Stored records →
··········

lemma nn_integral_abs_diff_eiv_kernel_le:
  assumes "\<sigma> > 0" and "\<tau> > 0"
  shows "(\<integral>\<^sup>+v. ennreal \<bar>eiv_kernel \<alpha> \<beta> \<sigma> \<tau> c v - eiv_kernel \<alpha> \<beta> \<sigma> \<tau> c' v\<bar> \<partial>lborel)
    \<le> ennreal (sqrt (2 / pi) * (1 / \<sigma> + \<bar>\<beta>\<bar> / \<tau>) * \<bar>c - c'\<bar>)"
proof -
  have "(\<integral>\<^sup>+v. ennreal \<bar>eiv_kernel \<alpha> \<beta> \<sigma> \<tau> c v - eiv_kernel \<alpha> \<beta> \<sigma> \<tau> c' v\<bar> \<partial>lborel)
    \<le> (\<integral>\<^sup>+x. ennreal \<bar>normal_density c \<sigma> x - normal_density c' \<sigma> x\<bar> \<partial>lborel)
      + (\<integral>\<^sup>+y. ennreal \<bar>normal_density (\<alpha> + \<beta> * c) \<tau> y - normal_density (\<alpha> + \<beta> * c') \<tau> y\<bar> \<partial>lborel)"
    unfolding eiv_kernel_def lborel_prod[symmetric] using assms
    by (intro nn_integral_abs_diff_product_le) (auto simp: nn_integral_normal_density sigma_finite_lborel)
  also have "\<dots> \<le> ennreal (sqrt (2 / pi) * \<bar>c - c'\<bar> / \<sigma>) + ennreal (sqrt (2 / pi) * (\<bar>\<beta>\<bar> * \<bar>c - c'\<bar>) / \<tau>)"
  proof -
    have "\<bar>(\<alpha> + \<beta> * c) - (\<alpha> + \<beta> * c')\<bar> = \<bar>\<beta>\<bar> * \<bar>c - c'\<bar>"
      by (simp add: abs_mult[symmetric] algebra_simps)
    then show ?thesis
      using nn_integral_abs_diff_normal_density_le[OF assms(2), of "\<alpha> + \<beta> * c" "\<alpha> + \<beta> * c'"]
      by (intro add_mono nn_integral_abs_diff_normal_density_le[OF assms(1)]) (simp only:)
  qed
  also have "\<dots> = ennreal (sqrt (2 / pi) * \<bar>c - c'\<bar> / \<sigma> + sqrt (2 / pi) * (\<bar>\<beta>\<bar> * \<bar>c - c'\<bar>) / \<tau>)"
    using assms by (intro ennreal_plus[symmetric]) auto
  also have "\<dots> = ennreal (sqrt (2 / pi) * (1 / \<sigma> + \<bar>\<beta>\<bar> / \<tau>) * \<bar>c - c'\<bar>)"
    by (rule arg_cong[where f = ennreal]) (simp add: algebra_simps)
  finally show ?thesis .
qed

lemma nn_integral_abs_diff_eiv_kernel_le':
  assumes "\<sigma> > 0" and "\<gamma> > 0"
  shows "(\<integral>\<^sup>+v. ennreal \<bar>eiv_kernel \<alpha> \<beta> \<sigma> (\<gamma> * \<sigma>) c v - eiv_kernel \<alpha> \<beta> \<sigma> (\<gamma> * \<sigma>) c' v\<bar> \<partial>lborel)
    \<le> ennreal (2 * ((1 + \<bar>\<beta>\<bar> / \<gamma>) * \<bar>c - c'\<bar> / \<sigma>))"
proof -
  have "2 / pi \<le> 1"
    using pi_gt3 by simp
  then have "sqrt (2 / pi) \<le> 2"
    using real_sqrt_le_1_iff[of "2 / pi"] by linarith
  then have "sqrt (2 / pi) * ((1 + \<bar>\<beta>\<bar> / \<gamma>) * \<bar>c - c'\<bar> / \<sigma>) \<le> 2 * ((1 + \<bar>\<beta>\<bar> / \<gamma>) * \<bar>c - c'\<bar> / \<sigma>)"
    using assms by (intro mult_right_mono) auto
  moreover have "sqrt (2 / pi) * (1 / \<sigma> + \<bar>\<beta>\<bar> / (\<gamma> * \<sigma>)) * \<bar>c - c'\<bar>
      = sqrt (2 / pi) * ((1 + \<bar>\<beta>\<bar> / \<gamma>) * \<bar>c - c'\<bar> / \<sigma>)"
    using assms by (simp add: field_simps)
  ultimately show ?thesis
    using assms by (intro order_trans[OF nn_integral_abs_diff_eiv_kernel_le ennreal_leI]) auto
qed

lemma abs_diff_mixture_le:
  fixes w w' p q :: "nat \<Rightarrow> real"
  assumes "K \<le> N" and "K \<le> N'"
    and w: "\<And>j. j \<in> {1..N} \<Longrightarrow> 0 \<le> w j" and w': "\<And>j. j \<in> {1..N'} \<Longrightarrow> 0 \<le> w' j"
    and p: "\<And>j. 0 \<le> p j" and q: "\<And>j. 0 \<le> q j"
  shows "\<bar>(\<Sum>j=1..N. w j * p j) - (\<Sum>j=1..N'. w' j * q j)\<bar>
    \<le> (\<Sum>j=1..K. w j * \<bar>p j - q j\<bar>) + (\<Sum>j=1..K. \<bar>w j - w' j\<bar> * q j)
      + (\<Sum>j=K+1..N. w j * p j) + (\<Sum>j=K+1..N'. w' j * q j)"
proof -
  have split: "(\<Sum>j=1..M. f j) = (\<Sum>j=1..K. f j) + (\<Sum>j=K+1..M. f j)"
    if "K \<le> M" for M and f :: "nat \<Rightarrow> real"
    using that by (subst sum.union_disjoint[symmetric]) (auto intro!: sum.cong)
  have "\<bar>(\<Sum>j=1..K. w j * p j) - (\<Sum>j=1..K. w' j * q j)\<bar>
      = \<bar>\<Sum>j=1..K. w j * (p j - q j) + (w j - w' j) * q j\<bar>"
    by (simp add: sum_subtractf[symmetric] algebra_simps)
  also have "\<dots> \<le> (\<Sum>j=1..K. \<bar>w j * (p j - q j) + (w j - w' j) * q j\<bar>)"
    by (rule sum_abs)
  also have "\<dots> \<le> (\<Sum>j=1..K. w j * \<bar>p j - q j\<bar> + \<bar>w j - w' j\<bar> * q j)"
    using assms(1) w q by (intro sum_mono order_trans[OF abs_triangle_ineq]) (simp add: abs_mult)
  finally have head: "\<bar>(\<Sum>j=1..K. w j * p j) - (\<Sum>j=1..K. w' j * q j)\<bar>
      \<le> (\<Sum>j=1..K. w j * \<bar>p j - q j\<bar>) + (\<Sum>j=1..K. \<bar>w j - w' j\<bar> * q j)"
    by (simp add: sum.distrib)
  have "0 \<le> (\<Sum>j=K+1..N. w j * p j)" "0 \<le> (\<Sum>j=K+1..N'. w' j * q j)"
    using assms by (auto intro!: sum_nonneg)
  then show ?thesis
    using head split[OF assms(1), of "\<lambda>j. w j * p j"] split[OF assms(2), of "\<lambda>j. w' j * q j"]
    by linarith
qed

lemma nn_integral_weighted_sum_le:
  fixes c B :: "'i \<Rightarrow> real" and g :: "'i \<Rightarrow> 'a \<Rightarrow> real"
  assumes "\<And>j. j \<in> I \<Longrightarrow> 0 \<le> c j" and "\<And>j v. j \<in> I \<Longrightarrow> 0 \<le> g j v"
    and "\<And>j. j \<in> I \<Longrightarrow> g j \<in> borel_measurable M"
    and "\<And>j. j \<in> I \<Longrightarrow> 0 \<le> B j" and "\<And>j. j \<in> I \<Longrightarrow> (\<integral>\<^sup>+v. ennreal (g j v) \<partial>M) \<le> ennreal (B j)"
  shows "(\<integral>\<^sup>+v. ennreal (\<Sum>j\<in>I. c j * g j v) \<partial>M) \<le> ennreal (\<Sum>j\<in>I. c j * B j)"
proof -
  have "(\<integral>\<^sup>+v. ennreal (\<Sum>j\<in>I. c j * g j v) \<partial>M) = (\<integral>\<^sup>+v. (\<Sum>j\<in>I. ennreal (c j) * ennreal (g j v)) \<partial>M)"
    using assms(1,2) by (intro nn_integral_cong) (simp add: sum_ennreal[symmetric] ennreal_mult)
  also have "\<dots> = (\<Sum>j\<in>I. ennreal (c j) * (\<integral>\<^sup>+v. ennreal (g j v) \<partial>M))"
    using assms(3) by (simp add: nn_integral_sum nn_integral_cmult)
  also have "\<dots> \<le> (\<Sum>j\<in>I. ennreal (c j) * ennreal (B j))"
    using assms(5) by (intro sum_mono mult_left_mono) auto
  also have "\<dots> = ennreal (\<Sum>j\<in>I. c j * B j)"
    using assms(1,4) by (simp add: sum_ennreal[symmetric] ennreal_mult)
  finally show ?thesis .
qed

··········

What is required → Report all lines of the data that include the word "assumes".

Reply to the task →
  assumes "\<sigma> > 0" and "\<tau> > 0"
  assumes "\<sigma> > 0" and "\<gamma> > 0"
  assumes "K \<le> N" and "K \<le> N'"
  assumes "\<And>j. j \<in> I \<Longrightarrow> 0 \<le> c j" and "\<And>j v. j \<in> I \<Longrightarrow> 0 \<le> g j v"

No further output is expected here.